Problem statement :: Give back, exactly as written, the lines from the beginning of the listing through the one that contains "cont lo(1) s0(1)]".

##############################

lemma first_hit_cases:
  fixes f :: "real \<Rightarrow> real"
  assumes cont: "continuous_on (Ioo_ereal t0 t1) f"
    and p: "p \<in> Ioo_ereal t0 t1" "\<And>x. x \<in> Ioo_ereal t0 t1 \<Longrightarrow> x \<le> p \<Longrightarrow> f x < c"
    and \<tau>: "\<tau> = t0 \<or> (\<exists>r\<in>Ioo_ereal t0 t1. \<tau> = ereal r \<and> f r \<noteq> c)"
  shows "(first_hit f t0 t1 c \<tau> = t1 \<and> (\<forall>t\<in>Ioo_ereal t0 t1. \<tau> < ereal t \<longrightarrow> f t \<noteq> c)) \<or>
    (\<exists>m\<in>Ioo_ereal t0 t1. first_hit f t0 t1 c \<tau> = ereal m \<and> \<tau> < ereal m \<and> f m = c \<and>
      (\<forall>t\<in>Ioo_ereal t0 t1. \<tau> < ereal t \<and> t < m \<longrightarrow> f t \<noteq> c))"
proof -
  define S where "S = {t \<in> Ioo_ereal t0 t1. \<tau> < ereal t \<and> f t = c}"
  have fh: "first_hit f t0 t1 c \<tau> = (if S = {} then t1 else Inf (ereal ` S))"
    unfolding first_hit_def S_def Let_def by simp
  show ?thesis
  proof (cases "S = {}")
    case True
    then show ?thesis using fh unfolding S_def by auto
  next
    case False
    then obtain s0 where s0: "s0 \<in> Ioo_ereal t0 t1" "f s0 = c" "\<tau> < ereal s0" unfolding S_def by auto
    obtain lo where lo: "lo \<in> Ioo_ereal t0 t1" "f lo \<noteq> c" "\<tau> \<le> ereal lo"
        "\<forall>t\<in>Ioo_ereal t0 t1. \<tau> < ereal t \<and> f t = c \<longrightarrow> lo < t"
      by (rule first_hit_start_point[OF p \<tau>])
    have "lo < s0" using lo(4) s0 by blast
    obtain m where m: "m \<in> {lo..s0}" "f m = c" "\<And>t. t \<in> {lo..s0} \<Longrightarrow> f t = c \<Longrightarrow> m \<le> t"
      using least_in_closed_preimage[OF continuous_on_Icc_in_Ioo_ereal[OF cont lo(1) s0(1)]
          closed_singleton, of s0 c] s0 \<open>lo < s0\<close> by auto
    have "lo < m" using m lo(2) by (cases "m = lo") auto
    have mI: "m \<in> Ioo_ereal t0 t1" using Icc_subset_Ioo_ereal[OF lo(1) s0(1)] m(1) by auto
    have "\<tau> < ereal m" using lo(3) \<open>lo < m\<close> by (simp add: le_less_trans)
    then have mS: "m \<in> S" unfolding S_def using mI m(2) by auto
    have mmin: "\<forall>t\<in>S. m \<le> t"
    proof
      fix t assume "t \<in> S"
      then have "lo < t" "t \<in> Ioo_ereal t0 t1" "f t = c" using lo(4) unfolding S_def by auto
      then show "m \<le> t" using m(1) m(3)[of t] by (cases "t \<le> s0") auto
    qed
    have "Inf (ereal ` S) = ereal m" using Inf_ereal_image_eq_least[OF mS] mmin by blast
    then have "first_hit f t0 t1 c \<tau> = ereal m" using fh False by simp
    moreover have "\<forall>t\<in>Ioo_ereal t0 t1. \<tau> < ereal t \<and> t < m \<longrightarrow> f t \<noteq> c"
      using mmin unfolding S_def by force
    ultimately show ?thesis using mI \<open>\<tau> < ereal m\<close> m(2) by blast
  qed
qed

section \<open>Connectivity in sublevel sets\<close>

lemma connected_component_sublevelI:
  assumes "u \<le> w" "u \<in> Ioo_ereal t0 t1" "w \<in> Ioo_ereal t0 t1" "\<And>y. u \<le> y \<Longrightarrow> y \<le> w \<Longrightarrow> f y \<le> t"
  shows "connected_component (sublevel f t0 t1 t) u w"
proof (rule connected_componentI[OF connected_Icc])
  show "{u..w} \<subseteq> sublevel f t0 t1 t"
    using Icc_subset_Ioo_ereal[OF assms(2,3)] assms(4) unfolding sublevel_def by auto
qed (use assms(1) in auto)

lemma not_connected_component_sublevel:
  assumes "u < z" "z < w" "t < f z"
  shows "\<not> connected_component (sublevel f t0 t1 t) u w"
proof
  assume "connected_component (sublevel f t0 t1 t) u w"
  then obtain T where T: "connected T" "T \<subseteq> sublevel f t0 t1 t" "u \<in> T" "w \<in> T"
    unfolding connected_component_def by blast
  then have "z \<in> T" using assms(1,2) is_interval_connected_1 unfolding is_interval_1
    by (meson less_imp_le)
  then show False using T(2) assms(3) unfolding sublevel_def by auto
qed

text \<open>On a stretch climbing from below s to level d, every point of X_s is joined to the
  start within X_t once t is close enough to d: beyond the last point of X_s on the stretch f
  stays at least s, and before it f is bounded away from d by compactness.\<close>
lemma eventually_connected_ascent:
  fixes f :: "real \<Rightarrow> real"
  assumes cont: "continuous_on (Ioo_ereal t0 t1) f"
    and uw: "u \<in> Ioo_ereal t0 t1" "w \<in> Ioo_ereal t0 t1"
    and "s < f w" and below: "\<And>y. u \<le> y \<Longrightarrow> y < w \<Longrightarrow> f y < d"
  shows "\<forall>\<^sub>F t in at_left d. \<forall>x\<in>{u..w}. f x \<le> s \<longrightarrow> connected_component (sublevel f t0 t1 t) u x"
proof (cases "\<exists>x\<in>{u..w}. f x \<le> s")
  case False
  then show ?thesis by auto
next
  case True
  then obtain x1 where x1: "x1 \<in> {u..w}" "f x1 \<in> {..s}" by auto
  obtain x' where x': "x' \<in> {u..w}" "f x' \<le> s" "\<And>y. y \<in> {u..w} \<Longrightarrow> f y \<in> {..s} \<Longrightarrow> y \<le> x'"
    using greatest_in_closed_preimage[OF continuous_on_Icc_in_Ioo_ereal[OF cont uw] closed_atMost x1]
    by auto
  have "x' < w" using x' \<open>s < f w\<close> by (cases "x' = w") auto
  have x'I: "x' \<in> Ioo_ereal t0 t1" using Icc_subset_Ioo_ereal[OF uw] x'(1) by auto
  obtain y0 where y0: "y0 \<in> {u..x'}" "\<And>y. y \<in> {u..x'} \<Longrightarrow> f y \<le> f y0"
    using continuous_attains_sup[OF compact_Icc _ continuous_on_Icc_in_Ioo_ereal[OF cont uw(1) x'I]]
      x'(1) by fastforce
  have "f y0 < d" using below y0(1) \<open>x' < w\<close> by auto
  then have "\<forall>\<^sub>F t in at_left d. f y0 < t"
    by (rule eventually_mono[OF eventually_at_left_real]) auto
  then show ?thesis
  proof (rule eventually_mono, intro ballI impI)
    fix t x assume t: "f y0 < t" and x: "x \<in> {u..w}" "f x \<le> s"
    have "x \<le> x'" using x x'(3) by auto
    then have "f y \<le> t" if "u \<le> y" "y \<le> x" for y using y0(2)[of y] that t by auto
    then show "connected_component (sublevel f t0 t1 t) u x"
      using x Icc_subset_Ioo_ereal[OF uw] by (intro connected_component_sublevelI) auto
  qed
qed

lemma eventually_connected_descent:
  fixes f :: "real \<Rightarrow> real"
  assumes cont: "continuous_on (Ioo_ereal t0 t1) f"
    and uw: "u \<in> Ioo_ereal t0 t1" "w \<in> Ioo_ereal t0 t1"
    and "s < f u" and below: "\<And>y. u < y \<Longrightarrow> y \<le> w \<Longrightarrow> f y < d"
  shows "\<forall>\<^sub>F t in at_left d. \<forall>x\<in>{u..w}. f x \<le> s \<longrightarrow> connected_component (sublevel f t0 t1 t) x w"
proof (cases "\<exists>x\<in>{u..w}. f x \<le> s")
  case False
  then show ?thesis by auto
next
  case True
  then obtain x1 where x1: "x1 \<in> {u..w}" "f x1 \<in> {..s}" by auto
  obtain x' where x': "x' \<in> {u..w}" "f x' \<le> s" "\<And>y. y \<in> {u..w} \<Longrightarrow> f y \<in> {..s} \<Longrightarrow> x' \<le> y"
    using least_in_closed_preimage[OF continuous_on_Icc_in_Ioo_ereal[OF cont uw] closed_atMost x1]
    by auto
  have "u < x'" using x' \<open>s < f u\<close> by (cases "x' = u") auto
  have x'I: "x' \<in> Ioo_ereal t0 t1" using Icc_subset_Ioo_ereal[OF uw] x'(1) by auto
  obtain y0 where y0: "y0 \<in> {x'..w}" "\<And>y. y \<in> {x'..w} \<Longrightarrow> f y \<le> f y0"
    using continuous_attains_sup[OF compact_Icc _ continuous_on_Icc_in_Ioo_ereal[OF cont x'I uw(2)]]
      x'(1) by fastforce
  have "f y0 < d" using below y0(1) \<open>u < x'\<close> by auto
  then have "\<forall>\<^sub>F t in at_left d. f y0 < t"
    by (rule eventually_mono[OF eventually_at_left_real]) auto
  then show ?thesis
  proof (rule eventually_mono, intro ballI impI)
    fix t x assume t: "f y0 < t" and x: "x \<in> {u..w}" "f x \<le> s"
    have "x' \<le> x" using x x'(3) by auto
    then have "f y \<le> t" if "x \<le> y" "y \<le> w" for y using y0(2)[of y] that t by auto
    then show "connected_component (sublevel f t0 t1 t) x w"
      using x Icc_subset_Ioo_ereal[OF uw] by (intro connected_component_sublevelI) auto
  qed
qed

text \<open>The pattern cut out by the windings: low k stands for t_k^b, except that low 0 is a point of I
  left of all crossings rather than t_0, and high k stands for t_(k+1)^d.\<close>
locale zigzag =
  fixes f :: "real \<Rightarrow> real" and t0 t1 :: ereal and b d q :: real
    and n :: nat and low high :: "nat \<Rightarrow> real"
  assumes cont: "continuous_on (Ioo_ereal t0 t1) f" and b_less_d: "b < d"
    and low_in: "k \<le> n \<Longrightarrow> low k \<in> Ioo_ereal t0 t1"
    and f_low: "k \<le> n \<Longrightarrow> f (low k) \<le> b"
    and high_in: "k \<le> n \<Longrightarrow> high k \<in> Ioo_ereal t0 t1"
    and f_high: "k \<le> n \<Longrightarrow> f (high k) = d"
    and low_less_high: "k \<le> n \<Longrightarrow> low k < high k"
    and high_less_low: "k < n \<Longrightarrow> high k < low (Suc k)"
    and below_d: "k \<le> n \<Longrightarrow> low k \<le> x \<Longrightarrow> x < high k \<Longrightarrow> f x < d"
    and above_b: "k < n \<Longrightarrow> high k < x \<Longrightarrow> x < low (Suc k) \<Longrightarrow> b < f x"
    and above_b_after: "x \<in> Ioo_ereal t0 t1 \<Longrightarrow> high n < x \<Longrightarrow> b < f x"
    and below_b_before: "x \<in> Ioo_ereal t0 t1 \<Longrightarrow> x \<le> low 0 \<Longrightarrow> f x \<le> b"
    and q_in: "q \<in> Ioo_ereal t0 t1"
    and above_d_after: "x \<in> Ioo_ereal t0 t1 \<Longrightarrow> q \<le> x \<Longrightarrow> d < f x"
begin

lemma continuous_on_Icc: "x \<in> Ioo_ereal t0 t1 \<Longrightarrow> y \<in> Ioo_ereal t0 t1 \<Longrightarrow> continuous_on {x..y} f"
  by (rule continuous_on_Icc_in_Ioo_ereal[OF cont])

lemma low_mono: "i \<le> k \<Longrightarrow> k \<le> n \<Longrightarrow> low i \<le> low k"
proof (induction k)
  case (Suc k)
  show ?case
  proof (cases "i = Suc k")
    case False
    then have "low i \<le> low k" using Suc by simp
    also have "\<dots> \<le> low (Suc k)"
      using low_less_high[of k] high_less_low[of k] Suc.prems(2) by simp
    finally show ?thesis .
  qed simp
qed simp

lemma tail_lower_bound:
  obtains m where "b < m" "\<And>x. x \<in> Ioo_ereal t0 t1 \<Longrightarrow> high n \<le> x \<Longrightarrow> m \<le> f x"
proof -
  have hn: "high n \<in> Ioo_ereal t0 t1" "f (high n) = d" using high_in f_high by auto
  have "high n < q" using above_d_after[OF hn(1)] hn(2) by force
  then obtain x0 where x0: "x0 \<in> {high n..q}" "\<And>y. y \<in> {high n..q} \<Longrightarrow> f x0 \<le> f y"
    using continuous_attains_inf[OF compact_Icc _ continuous_on_Icc[OF hn(1) q_in]] by fastforce
  have "b < f x0"
    using above_b_after Icc_subset_Ioo_ereal[OF hn(1) q_in] x0(1) hn(2) b_less_d
    by (cases "x0 = high n") auto
  moreover have "min (f x0) d \<le> f x" if "x \<in> Ioo_ereal t0 t1" "high n \<le> x" for x
    using x0(2)[of x] above_d_after[OF that(1)] that(2) by (cases "x \<le> q") auto
  ultimately show ?thesis using b_less_d by (intro that[of "min (f x0) d"]) auto
qed
theorem proposition7p11:
  fixes q b c bs cs u v us vs \<alpha> :: "'a::alg_closed_field"
    and \<beta>s :: "'a list" and d :: nat
  assumes hq: "q \<noteq> 0" and hq2: "q ^ 2 \<noteq> 1"
    and hb: "b \<noteq> 0" and hc: "c \<noteq> 0" and hbs: "bs \<noteq> 0" and hcs: "cs \<noteq> 0"
    and huv: "u * vs = - b * bs * inverse q * (q - inverse q) ^ 2"
    and hvu: "v * us = - c * cs * inverse q * (q - inverse q) ^ 2"
    and hd: "d \<ge> 1" and hfeas: "feasible q d"
    and h\<alpha>: "\<alpha> \<noteq> 0"
    and hlen: "length \<beta>s = d - 1" and h\<beta>: "\<forall>\<beta>\<in>set \<beta>s. \<beta> \<noteq> 0"
  shows "norm_split_seq q u v us vs (\<alpha> # \<beta>s) 0 = 1
    \<and> (\<forall>n\<in>{1..d-1}.
         norm_split_seq q u v us vs (\<alpha> # \<beta>s) n =
           (q ^ (d - n) - inverse q ^ (d - n)) * (b * bs * inverse q ^ (d - n) - c * cs * q ^ (d - n))
             * norm_split_seq q u v us vs \<beta>s (n - 1)
           + norm_split_seq q u v us vs \<beta>s n
           + norm_split_seq q u v us vs [\<alpha>] 1 * norm_split_seq q u v us vs \<beta>s (n - 1))
    \<and> norm_split_seq q u v us vs (\<alpha> # \<beta>s) d =
        norm_split_seq q u v us vs [\<alpha>] 1 * norm_split_seq q u v us vs \<beta>s (d - 1)"
proof -
  have diam: "Suc (length \<beta>s) = d" using hlen hd by simp
  note recursion = norm_split_seq_Cons[OF hq hq2 h\<alpha> huv hvu diam hfeas]
  have top: "norm_split_seq q u v us vs \<beta>s d = 0"
    using norm_split_seq_beyond_diameter[OF hq] diam by simp
  show ?thesis
    using norm_split_seq_0[OF hq] recursion[of d] recursion hd top by auto
qed

end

##############################

Task solution ::
lemma first_hit_cases:
  fixes f :: "real \<Rightarrow> real"
  assumes cont: "continuous_on (Ioo_ereal t0 t1) f"
    and p: "p \<in> Ioo_ereal t0 t1" "\<And>x. x \<in> Ioo_ereal t0 t1 \<Longrightarrow> x \<le> p \<Longrightarrow> f x < c"
    and \<tau>: "\<tau> = t0 \<or> (\<exists>r\<in>Ioo_ereal t0 t1. \<tau> = ereal r \<and> f r \<noteq> c)"
  shows "(first_hit f t0 t1 c \<tau> = t1 \<and> (\<forall>t\<in>Ioo_ereal t0 t1. \<tau> < ereal t \<longrightarrow> f t \<noteq> c)) \<or>
    (\<exists>m\<in>Ioo_ereal t0 t1. first_hit f t0 t1 c \<tau> = ereal m \<and> \<tau> < ereal m \<and> f m = c \<and>
      (\<forall>t\<in>Ioo_ereal t0 t1. \<tau> < ereal t \<and> t < m \<longrightarrow> f t \<noteq> c))"
proof -
  define S where "S = {t \<in> Ioo_ereal t0 t1. \<tau> < ereal t \<and> f t = c}"
  have fh: "first_hit f t0 t1 c \<tau> = (if S = {} then t1 else Inf (ereal ` S))"
    unfolding first_hit_def S_def Let_def by simp
  show ?thesis
  proof (cases "S = {}")
    case True
    then show ?thesis using fh unfolding S_def by auto
  next
    case False
    then obtain s0 where s0: "s0 \<in> Ioo_ereal t0 t1" "f s0 = c" "\<tau> < ereal s0" unfolding S_def by auto
    obtain lo where lo: "lo \<in> Ioo_ereal t0 t1" "f lo \<noteq> c" "\<tau> \<le> ereal lo"
        "\<forall>t\<in>Ioo_ereal t0 t1. \<tau> < ereal t \<and> f t = c \<longrightarrow> lo < t"
      by (rule first_hit_start_point[OF p \<tau>])
    have "lo < s0" using lo(4) s0 by blast
    obtain m where m: "m \<in> {lo..s0}" "f m = c" "\<And>t. t \<in> {lo..s0} \<Longrightarrow> f t = c \<Longrightarrow> m \<le> t"
      using least_in_closed_preimage[OF continuous_on_Icc_in_Ioo_ereal[OF cont lo(1) s0(1)]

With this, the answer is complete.